_What to do_. Would you reproduce exactly the lines below from the one holding "j) \<in> (support_graph" through the one holding "i + d \<le> v", inclusive, and no others?

_Dataset records_.
· · · · · · ·
(* Let $n\ge 2$ and $1\le s\le n-1$ be integers, and let ${\bf A}=(a(i,j))_{1\le i,j\le n}$ be a real $n\times n$ matrix such that $a(i,j)\ne 0$ for every pair $(i,j)$ satisfying either $i\le j\le \min(i+n-s,n)$ or $j+s\le i$. Then the $2n\times 2n$ matrix ${\bf A}_{\rm sde}$ associated with ${\bf A}$ (defined below) has $1$ as a simple eigenvalue, and all of its other eigenvalues lie in the open unit disk $\{z\in\mathbb{C}: |z|<1\}$.
   Context: For a real number $t$, $t_+=\max(t,0)$. For a real $n\times n$ matrix ${\bf A}=(a(i,j))$ with no zero row, define the decoding weights $w_i=\big(\sum_{j=1}^n |a(i,j)|\big)^{-1}$, $1\le i\le n$, the normalized entries $\tilde a(i,j)=w_i\,a(i,j)$, the $n\times n$ matrices $\tilde{\bf A}_+=\big((\tilde a(i,j))_+\big)_{i,j}$ and $\tilde{\bf A}_-=\big((-\tilde a(i,j))_+\big)_{i,j}$, and the $2n\times 2n$ (row stochastic) block matrix $${\bf A}_{\rm sde}=\begin{pmatrix}\tilde{\bf A}_+ & \tilde{\bf A}_-\\ \tilde{\bf A}_+ & \tilde{\bf A}_-\end{pmatrix}.$$ *)

theory Defs
  imports "Jordan_Normal_Form.Char_Poly"
begin

text \<open>Matrices are Jordan_Normal_Form matrices, indexed from 0.
  Decoding weights, normalized entries, positive/negative parts, and the
  2n x 2n block matrix A_sde.\<close>

definition dec_weight :: "real mat \<Rightarrow> nat \<Rightarrow> real" where
  "dec_weight A i = inverse (\<Sum>j<dim_col A. \<bar>A $$ (i, j)\<bar>)"

definition normalized_mat :: "real mat \<Rightarrow> real mat" where
  "normalized_mat A = mat (dim_row A) (dim_col A) (\<lambda>(i, j). dec_weight A i * A $$ (i, j))"

definition pos_part_mat :: "real mat \<Rightarrow> real mat" where
  "pos_part_mat A = mat (dim_row A) (dim_col A)
     (\<lambda>(i, j). max (normalized_mat A $$ (i, j)) 0)"

definition neg_part_mat :: "real mat \<Rightarrow> real mat" where
  "neg_part_mat A = mat (dim_row A) (dim_col A)
     (\<lambda>(i, j). max (- normalized_mat A $$ (i, j)) 0)"

definition A_sde :: "real mat \<Rightarrow> real mat" where
  "A_sde A = four_block_mat (pos_part_mat A) (neg_part_mat A) (pos_part_mat A) (neg_part_mat A)"

end

theory Submission
  imports Defs
    "Jordan_Normal_Form.Jordan_Normal_Form_Existence"
    "Jordan_Normal_Form.Jordan_Normal_Form_Uniqueness"
begin

text \<open>
  Rows i and n + i of A_sde coincide and its two blocks add up to the row-stochastic matrix
  M = (|w_i a(i,j)|), so an eigenvector of A_sde for a nonzero eigenvalue z folds onto an
  eigenvector of M for z. The hypothesis gives M a positive diagonal, which puts every Gershgorin
  disk of M inside the unit disk, touching the unit circle only at 1. It also makes M irreducible
  through the cycle 1 \<rightarrow> 2 \<rightarrow> \<dots> \<rightarrow> n \<rightarrow> 1, so by the maximum principle the only
  solutions of A_sde v = v + c 1 have c = 0 and v constant. Hence the kernels of A_sde - I and
  (A_sde - I)^2 are both spanned by 1, and the Jordan normal form shows that 1 is a simple
  eigenvalue.
\<close>

(* HOL-Algebra's group order would otherwise capture the root multiplicity of polynomials. *)
hide_const (open) Coset.order

lemma ex_max_index:
  fixes u :: "nat \<Rightarrow> 'a :: linorder"
  assumes "0 < n"
  obtains i where "i < n" and "\<And>j. j < n \<Longrightarrow> u j \<le> u i"
proof -
  have "Max (u ` {..<n}) \<in> u ` {..<n}"
    using assms by (intro Max_in) auto
  then obtain i where i: "i < n" "u i = Max (u ` {..<n})"
    by auto
  have "u j \<le> u i" if "j < n" for j
    unfolding i(2) using that by (intro Max_ge) auto
  with i(1) show ?thesis
    by (rule that)
qed

definition row_stochastic :: "(nat \<Rightarrow> nat \<Rightarrow> real) \<Rightarrow> nat \<Rightarrow> bool" where
  "row_stochastic M n \<longleftrightarrow> (\<forall>i<n. \<forall>j<n. 0 \<le> M i j) \<and> (\<forall>i<n. (\<Sum>j<n. M i j) = 1)"

definition support_graph :: "(nat \<Rightarrow> nat \<Rightarrow> real) \<Rightarrow> nat \<Rightarrow> (nat \<times> nat) set" where
  "support_graph M n = {(i, j). i < n \<and> j < n \<and> M i j \<noteq> 0}"

definition strongly_connected_support :: "(nat \<Rightarrow> nat \<Rightarrow> real) \<Rightarrow> nat \<Rightarrow> bool" where
  "strongly_connected_support M n \<longleftrightarrow> (\<forall>i<n. \<forall>j<n. (i, j) \<in> (support_graph M n)\<^sup>*)"

lemma row_stochastic_mean_le:
  assumes "row_stochastic M n" "i < n" "\<And>j. j < n \<Longrightarrow> u j \<le> m"
  shows "(\<Sum>j<n. M i j * u j) \<le> m"
proof -
  have "(\<Sum>j<n. M i j * u j) \<le> (\<Sum>j<n. M i j * m)"
    using assms by (intro sum_mono mult_left_mono) (auto simp: row_stochastic_def)
  also have "\<dots> = m"
    using assms by (simp add: row_stochastic_def sum_distrib_right[symmetric])
  finally show ?thesis .
qed

lemma row_stochastic_shift_eq_0:
  assumes "row_stochastic M n" "0 < n"
    and "\<And>i. i < n \<Longrightarrow> (\<Sum>j<n. M i j * u j) = u i + c"
  shows "c = 0"
proof -
  have nonpos: "d \<le> 0" if "\<And>i. i < n \<Longrightarrow> (\<Sum>j<n. M i j * v j) = v i + d" for v d
  proof -
    obtain i where i: "i < n" "\<And>j. j < n \<Longrightarrow> v j \<le> v i"
      using ex_max_index[OF \<open>0 < n\<close>] by blast
    have "v i + d \<le> v i"
      using row_stochastic_mean_le[OF assms(1) i(1), of v "v i"] i(2) that[OF i(1)] by simp
    then show ?thesis by simp
  qed
  have "c \<le> 0"
    using nonpos[of u c] assms(3) by blast
  moreover have "- c \<le> 0"
    using nonpos[of "\<lambda>j. - u j" "- c"] assms(3) by (simp add: sum_negf)
  ultimately show ?thesis by simp
qed

lemma harmonic_max_spreads_along_edge:
  assumes "row_stochastic M n" "i < n" "\<And>j. j < n \<Longrightarrow> u j \<le> u i"
    and "(\<Sum>j<n. M i j * u j) = u i" and "(i, k) \<in> support_graph M n"
  shows "u k = u i"
proof -
  have "(\<Sum>j<n. M i j * (u i - u j)) = (\<Sum>j<n. M i j) * u i - (\<Sum>j<n. M i j * u j)"
    by (simp add: right_diff_distrib sum_subtractf sum_distrib_right)
  also have "\<dots> = 0"
    using assms by (simp add: row_stochastic_def)
  moreover have "0 \<le> M i j * (u i - u j)" if "j < n" for j
    using assms(1-3) that by (simp add: row_stochastic_def)
  ultimately have "\<forall>j\<in>{..<n}. M i j * (u i - u j) = 0"
    using sum_nonneg_eq_0_iff[of "{..<n}" "\<lambda>j. M i j * (u i - u j)"] by simp
  then show ?thesis
    using assms(5) by (auto simp: support_graph_def)
qed

lemma harmonic_max_spreads:
  assumes "row_stochastic M n" "\<And>i. i < n \<Longrightarrow> (\<Sum>j<n. M i j * u j) = u i"
    and "i < n" "\<And>j. j < n \<Longrightarrow> u j \<le> u i" and "(i, k) \<in> (support_graph M n)\<^sup>*"
  shows "u k = u i"
  using assms(5)
proof (induction rule: rtrancl_induct)
  case (step j k)
  then have "j < n"
    by (simp add: support_graph_def)
  have "u k = u j"
  proof (rule harmonic_max_spreads_along_edge[OF assms(1) \<open>j < n\<close>])
    show "u l \<le> u j" if "l < n" for l
      using assms(4)[OF that] step.IH by simp
    show "(\<Sum>l<n. M j l * u l) = u j"
      by (rule assms(2)[OF \<open>j < n\<close>])
    show "(j, k) \<in> support_graph M n"
      by (rule step.hyps(2))
  qed
  with step.IH show ?case
    by simp
qed simp

lemma harmonic_const_if_strongly_connected:
  assumes "row_stochastic M n" "strongly_connected_support M n"
    and "\<And>i. i < n \<Longrightarrow> (\<Sum>j<n. M i j * u j) = u i"
    and "i < n" "j < n"
  shows "u i = u j"
proof -
  obtain k where k: "k < n" "\<And>j. j < n \<Longrightarrow> u j \<le> u k"
    using ex_max_index[of n u] assms(4) by auto
  have spread: "u l = u k" if "l < n" for l
  proof (rule harmonic_max_spreads[OF assms(1,3) k(1)])
    show "u j \<le> u k" if "j < n" for j
      using k(2) that .
    show "(k, l) \<in> (support_graph M n)\<^sup>*"
      using assms(2) k(1) that by (simp add: strongly_connected_support_def)
  qed
  show ?thesis
    using spread[OF assms(4)] spread[OF assms(5)] by simp
qed

lemma row_stochastic_affine_fixed_point:
  fixes w :: "nat \<Rightarrow> complex"
  assumes "row_stochastic M n" "strongly_connected_support M n" "0 < n"
    and fixed: "\<And>i. i < n \<Longrightarrow> (\<Sum>j<n. of_real (M i j) * w j) = w i + c"
  shows "c = 0" and "\<And>i j. i < n \<Longrightarrow> j < n \<Longrightarrow> w i = w j"
proof -
  have Re: "(\<Sum>j<n. M i j * Re (w j)) = Re (w i) + Re c" if "i < n" for i
    using arg_cong[OF fixed[OF that], of Re] by (simp add: Re_sum)
  have Im: "(\<Sum>j<n. M i j * Im (w j)) = Im (w i) + Im c" if "i < n" for i
    using arg_cong[OF fixed[OF that], of Im] by (simp add: Im_sum)
  have "Re c = 0"
    using row_stochastic_shift_eq_0[OF assms(1,3), of "\<lambda>j. Re (w j)" "Re c"] Re by blast
  moreover have "Im c = 0"
    using row_stochastic_shift_eq_0[OF assms(1,3), of "\<lambda>j. Im (w j)" "Im c"] Im by blast
  ultimately show "c = 0"
    by (simp add: complex_eq_iff)
  show "w i = w j" if "i < n" "j < n" for i j
  proof (rule complex_eqI)
    show "Re (w i) = Re (w j)"
      using harmonic_const_if_strongly_connected[OF assms(1,2) _ that, of "\<lambda>j. Re (w j)"]
        Re \<open>Re c = 0\<close> by simp
    show "Im (w i) = Im (w j)"
      using harmonic_const_if_strongly_connected[OF assms(1,2) _ that, of "\<lambda>j. Im (w j)"]
        Im \<open>Im c = 0\<close> by simp
  qed
qed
· · · · · · ·
_Reply_.
  "strongly_connected_support M n \<longleftrightarrow> (\<forall>i<n. \<forall>j<n. (i, j) \<in> (support_graph M n)\<^sup>*)"

lemma row_stochastic_mean_le:
  assumes "row_stochastic M n" "i < n" "\<And>j. j < n \<Longrightarrow> u j \<le> m"
  shows "(\<Sum>j<n. M i j * u j) \<le> m"
proof -
  have "(\<Sum>j<n. M i j * u j) \<le> (\<Sum>j<n. M i j * m)"
    using assms by (intro sum_mono mult_left_mono) (auto simp: row_stochastic_def)
  also have "\<dots> = m"
    using assms by (simp add: row_stochastic_def sum_distrib_right[symmetric])
  finally show ?thesis .
qed

lemma row_stochastic_shift_eq_0:
  assumes "row_stochastic M n" "0 < n"
    and "\<And>i. i < n \<Longrightarrow> (\<Sum>j<n. M i j * u j) = u i + c"
  shows "c = 0"
proof -
  have nonpos: "d \<le> 0" if "\<And>i. i < n \<Longrightarrow> (\<Sum>j<n. M i j * v j) = v i + d" for v d
  proof -
    obtain i where i: "i < n" "\<And>j. j < n \<Longrightarrow> v j \<le> v i"
      using ex_max_index[OF \<open>0 < n\<close>] by blast
    have "v i + d \<le> v i"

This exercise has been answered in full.